The Ringer | |
Director: | Walter Forde |
Producer: | Michael Balcon |
Based On: | The Gaunt Stranger by Edgar Wallace |
Starring: | Patric Curwen Esmond Knight John Longden Carol Goodner |
Cinematography: | Alex Bryce |
Editing: | Ian Dalrymple |
Studio: | Gainsborough Pictures British Lion Films |
Distributor: | Ideal Films |
Runtime: | 75 minutes |
Country: | United Kingdom |
Language: | English |
The Ringer is a 1931 British crime film directed by Walter Forde and starring Patric Curwen, Esmond Knight, John Longden and Carol Goodner.Scotland Yard detectives hunt for a dangerous criminal who has recently returned to England.[1] The film was based on the 1925 Edgar Wallace story The Gaunt Stranger, which is the basis for his play The Ringer.[2] Forde remade the same story in 1938 as The Gaunt Stranger. There was also a silent film of The Ringer in 1928, and a 1952 version starring Donald Wolfit.[3]

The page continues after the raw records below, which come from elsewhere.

definition tmult :: "('v, 'e, 's) stree \<Rightarrow> ('v, 'e, 's) stree \<Rightarrow> ('v + 'v, 'e + 'e, 's) stree" where
  "tmult X Y = (let j = (\<lambda>v. if v = st Y then Inl (en X) else Inr v) in
     \<lparr> verts = Inl ` verts X \<union> Inr ` (verts Y - {st Y}),
       edges = Inl ` edges X \<union> Inr ` edges Y,
       src = case_sum (\<lambda>e. Inl (src X e)) (\<lambda>e. j (src Y e)),
       tgt = case_sum (\<lambda>e. Inl (tgt X e)) (\<lambda>e. j (tgt Y e)),
       lab = case_sum (lab X) (lab Y),
       st = Inl (st X),
       en = j (en Y) \<rparr>)"

definition tplus :: "('v, 'e, 's) stree \<Rightarrow> ('v, 'e, 's) stree" where
  "tplus X = X\<lparr>en := st X\<rparr>"

definition tstar :: "('v, 'e, 's) stree \<Rightarrow> ('v, 'e, 's) stree" where
  "tstar X = X\<lparr>st := en X\<rparr>"

end

theory Submission
  imports Defs
begin

text \<open>Moving the end vertex to the start (or the start to the end) does nothing to a tree
  whose start and end coincide, and a morphism onto the pruned retract keeps them equal, which
  settles the conditions on \<open>X\<^sup>+\<close> and \<open>X\<^sup>*\<close>. If start and end coincide, \<open>X \<times> X\<close> folds onto its
  first factor, so \<open>XX = X\<close>. Conversely, if \<open>XX = X\<close>, the morphism \<open>X \<times> X \<rightarrow> X\<close> carries the
  start-to-end path of \<open>X \<times> X\<close>, which is twice as long as the path of length \<open>d\<close> in \<open>X\<close>, to
  a start-to-end walk in \<open>X\<close>. A tree has a height function rising by one along every edge, so
  all walks between two vertices have the same length: \<open>2 d = d\<close>, hence \<open>d = 0\<close>.\<close>

definition undirected_tree :: "('v, 'e, 's) stree \<Rightarrow> bool" where
  "undirected_tree X \<longleftrightarrow> finite (verts X) \<and> finite (edges X) \<and> verts X \<noteq> {}
     \<and> (\<forall>e\<in>edges X. src X e \<in> verts X \<and> tgt X e \<in> verts X)
     \<and> (\<forall>u\<in>verts X. \<forall>v\<in>verts X. (u, v) \<in> (undir_adj X)\<^sup>*)
     \<and> card (edges X) + 1 = card (verts X)"
lemma suminf_mult_bounded:
  fixes c w :: "nat \<Rightarrow> complex"
  assumes c: "summable (\<lambda>k. norm (c k))" and w: "\<And>k. norm (w k) \<le> 1"
  shows "summable (\<lambda>k. norm (c k * w k))" "norm (\<Sum>k. c k * w k) \<le> (\<Sum>k. norm (c k))"
proof -
  have le: "norm (c k * w k) \<le> norm (c k)" for k
    using w[of k] by (simp add: norm_mult mult_left_le)
  show sm: "summable (\<lambda>k. norm (c k * w k))"
    using le by (intro summable_comparison_test'[OF c, of 0]) simp
  have "norm (\<Sum>k. c k * w k) \<le> (\<Sum>k. norm (c k * w k))" by (rule summable_norm[OF sm])
  also have "\<dots> \<le> (\<Sum>k. norm (c k))" by (rule suminf_le[OF le sm c])
  finally show "norm (\<Sum>k. c k * w k) \<le> (\<Sum>k. norm (c k))" .
qed

(* Sidon's inequality up to the tail beyond K: test the bound on the real part against the Riesz
   product with phases sgn c_k; the first K coefficients give sum_J |c_k| / 2, the tail is small. *)
lemma sidon_truncated:
  fixes c :: "nat \<Rightarrow> complex"
  assumes sm: "summable (\<lambda>k. norm (c k))"
    and npos: "\<forall>k. n k > 0" and ninj: "inj n"
    and bound: "\<And>t. Re (\<Sum>k. c k * cis (real (n k) * t)) \<le> B"
    and J: "finite J" "riesz_gap n J" and JK: "J \<subseteq> {..<K}"
  shows "(\<Sum>k\<in>J. norm (c k)) \<le> 2 * B + 2 * (\<Sum>i. norm (c (i + K)))"
proof -
  define u where "u k = sgn (c k)" for k
  have u: "norm (u k) \<le> 1" for k by (simp add: u_def norm_sgn)
  define R where "R = riesz u n J"
  have R: "0 \<le> R t" for t unfolding R_def by (rule riesz_nonneg[OF u])
  define S where "S = (\<Sum>k<K. n k)"
  define N where "N = Suc (nat (freq_sum n J) + S)"
  have N: "int N = freq_sum n J + int S + 1"
    using freq_sum_nonneg[of n J] by (simp add: N_def)
  have "n k \<le> S" if "k < K" for k
    unfolding S_def using that by (intro member_le_sum) auto
  then have fits: "int (n k) + freq_sum n J < int N" if "k < K" for k
    using that N by force
  have mean_R: "root_mean N (\<lambda>t. complex_of_real (R t)) = 1"
    unfolding R_def by (rule root_mean_riesz_one[OF J npos]) (simp add: N)
  define w where "w k = root_mean N (\<lambda>t. complex_of_real (R t) * wave (int (n k)) t)" for k
  have w_le: "norm (w k) \<le> 1" for k
    using root_mean_norm_le[of R N "int (n k)", OF R] mean_R by (simp add: w_def)
  have w_head: "w k = (if k \<in> J then cnj (u k) / 2 else 0)" if "k < K" for k
    unfolding w_def R_def by (rule root_mean_riesz_freq[OF J npos ninj fits[OF that]])
  have sum_cw: "summable (\<lambda>k. c k * w k)"
    by (rule summable_norm_cancel[OF suminf_mult_bounded(1)[OF sm w_le]])
  have "Re (\<Sum>k. c k * w k) \<le> B"
    using root_mean_Re_le[of R "\<lambda>t. \<Sum>k. c k * cis (real (n k) * t)" B N, OF R bound] mean_R
    unfolding root_mean_times_series[OF sm] w_def by simp
  moreover have "(\<Sum>k. c k * w k) = (\<Sum>i. c (i + K) * w (i + K)) + (\<Sum>k<K. c k * w k)"
    by (rule suminf_split_initial_segment[OF sum_cw])
  moreover have "(\<Sum>k<K. c k * w k) = (\<Sum>k\<in>J. complex_of_real (norm (c k))) / 2"
  proof -
    have "(\<Sum>k<K. c k * w k) = (\<Sum>k\<in>{..<K} \<inter> J. c k * cnj (u k) / 2)"
      unfolding sum.inter_restrict[OF finite_lessThan] by (intro sum.cong) (simp_all add: w_head)
    also have "{..<K} \<inter> J = J" using JK by blast
    finally show ?thesis by (simp add: u_def mult_cnj_sgn sum_divide_distrib)
  qed
  moreover have "- (\<Sum>i. norm (c (i + K))) \<le> Re (\<Sum>i. c (i + K) * w (i + K))"
    using suminf_mult_bounded[of "\<lambda>i. c (i + K)" "\<lambda>i. w (i + K)"]
      summable_ignore_initial_segment[OF sm, of K] w_le
      abs_Re_le_cmod[of "\<Sum>i. c (i + K) * w (i + K)"] by fastforce
  ultimately show ?thesis by simp
qed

It was made at Beaconsfield Studios in Buckinghamshire by Gainsborough Pictures in a co-production with British Lion Films.[4] The film's sets were designed by the art director Norman G. Arnold. The author's son Bryan Edgar Wallace acted as a production manager.
The New York Times wrote, "at the Cameo is a picturization of the late Edgar Wallace's play The Ringer. This film, which hails from England, is the sort of melodrama that provides more amusement than excitement";[5] while in The BFI Companion to Crime, Phil Hardy wrote, "this is the best version of this oft-filmed play...Directed by Forde with a slickness and pace unusual in British films of the period, especially considering the film's stage origins...Hokum, but enjoyable."[6]